▶ **TASK DESCRIPTION**: Print the records below from the first line through the line containing "add: strict_mono_less order_less_imp_not_eq)", both included, word for word.

[[ DATASET RECORDS open ]]

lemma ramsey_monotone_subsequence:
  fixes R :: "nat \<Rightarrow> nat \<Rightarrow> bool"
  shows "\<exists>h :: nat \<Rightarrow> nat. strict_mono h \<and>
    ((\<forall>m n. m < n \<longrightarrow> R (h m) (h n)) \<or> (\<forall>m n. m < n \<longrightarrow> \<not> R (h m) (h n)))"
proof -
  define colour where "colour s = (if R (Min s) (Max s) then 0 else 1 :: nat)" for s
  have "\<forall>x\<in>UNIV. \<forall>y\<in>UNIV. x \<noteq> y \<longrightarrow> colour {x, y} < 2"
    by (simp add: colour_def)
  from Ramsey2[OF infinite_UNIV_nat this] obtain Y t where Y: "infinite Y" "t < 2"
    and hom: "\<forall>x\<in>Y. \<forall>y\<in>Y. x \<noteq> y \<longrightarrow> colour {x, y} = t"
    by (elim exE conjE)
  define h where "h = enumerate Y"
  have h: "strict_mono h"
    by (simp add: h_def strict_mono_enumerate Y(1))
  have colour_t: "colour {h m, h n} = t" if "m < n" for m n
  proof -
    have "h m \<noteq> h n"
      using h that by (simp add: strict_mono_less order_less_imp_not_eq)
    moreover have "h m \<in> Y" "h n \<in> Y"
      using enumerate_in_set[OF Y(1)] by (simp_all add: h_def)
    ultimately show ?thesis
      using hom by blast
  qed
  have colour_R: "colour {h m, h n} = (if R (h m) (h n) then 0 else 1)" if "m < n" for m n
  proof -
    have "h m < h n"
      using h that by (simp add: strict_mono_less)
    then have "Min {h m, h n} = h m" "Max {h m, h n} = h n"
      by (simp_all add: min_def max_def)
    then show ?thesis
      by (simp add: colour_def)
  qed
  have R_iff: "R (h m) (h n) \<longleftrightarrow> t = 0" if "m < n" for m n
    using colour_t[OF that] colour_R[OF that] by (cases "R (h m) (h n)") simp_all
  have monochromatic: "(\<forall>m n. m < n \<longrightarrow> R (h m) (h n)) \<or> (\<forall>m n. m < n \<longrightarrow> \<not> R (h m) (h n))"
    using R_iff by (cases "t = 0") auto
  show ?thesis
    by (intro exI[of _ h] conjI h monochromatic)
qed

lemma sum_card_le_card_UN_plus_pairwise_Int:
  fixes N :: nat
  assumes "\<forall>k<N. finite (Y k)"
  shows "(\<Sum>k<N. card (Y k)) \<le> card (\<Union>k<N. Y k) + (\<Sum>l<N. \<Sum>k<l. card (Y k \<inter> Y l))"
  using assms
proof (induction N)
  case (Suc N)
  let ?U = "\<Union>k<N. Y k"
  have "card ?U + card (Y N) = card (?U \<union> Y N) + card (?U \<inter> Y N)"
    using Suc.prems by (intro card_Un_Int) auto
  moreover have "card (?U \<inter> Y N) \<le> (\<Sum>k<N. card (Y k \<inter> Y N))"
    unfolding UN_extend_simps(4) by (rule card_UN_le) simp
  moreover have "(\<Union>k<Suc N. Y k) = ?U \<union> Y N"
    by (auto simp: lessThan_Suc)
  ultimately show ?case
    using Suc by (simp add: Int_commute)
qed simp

[[ DATASET RECORDS closed ]]

▶ **SOLUTION TO THIS TASK**:
lemma ramsey_monotone_subsequence:
  fixes R :: "nat \<Rightarrow> nat \<Rightarrow> bool"
  shows "\<exists>h :: nat \<Rightarrow> nat. strict_mono h \<and>
    ((\<forall>m n. m < n \<longrightarrow> R (h m) (h n)) \<or> (\<forall>m n. m < n \<longrightarrow> \<not> R (h m) (h n)))"
proof -
  define colour where "colour s = (if R (Min s) (Max s) then 0 else 1 :: nat)" for s
  have "\<forall>x\<in>UNIV. \<forall>y\<in>UNIV. x \<noteq> y \<longrightarrow> colour {x, y} < 2"
    by (simp add: colour_def)
  from Ramsey2[OF infinite_UNIV_nat this] obtain Y t where Y: "infinite Y" "t < 2"
    and hom: "\<forall>x\<in>Y. \<forall>y\<in>Y. x \<noteq> y \<longrightarrow> colour {x, y} = t"
    by (elim exE conjE)
  define h where "h = enumerate Y"
  have h: "strict_mono h"
    by (simp add: h_def strict_mono_enumerate Y(1))
  have colour_t: "colour {h m, h n} = t" if "m < n" for m n
  proof -
    have "h m \<noteq> h n"
      using h that by (simp add: strict_mono_less order_less_imp_not_eq)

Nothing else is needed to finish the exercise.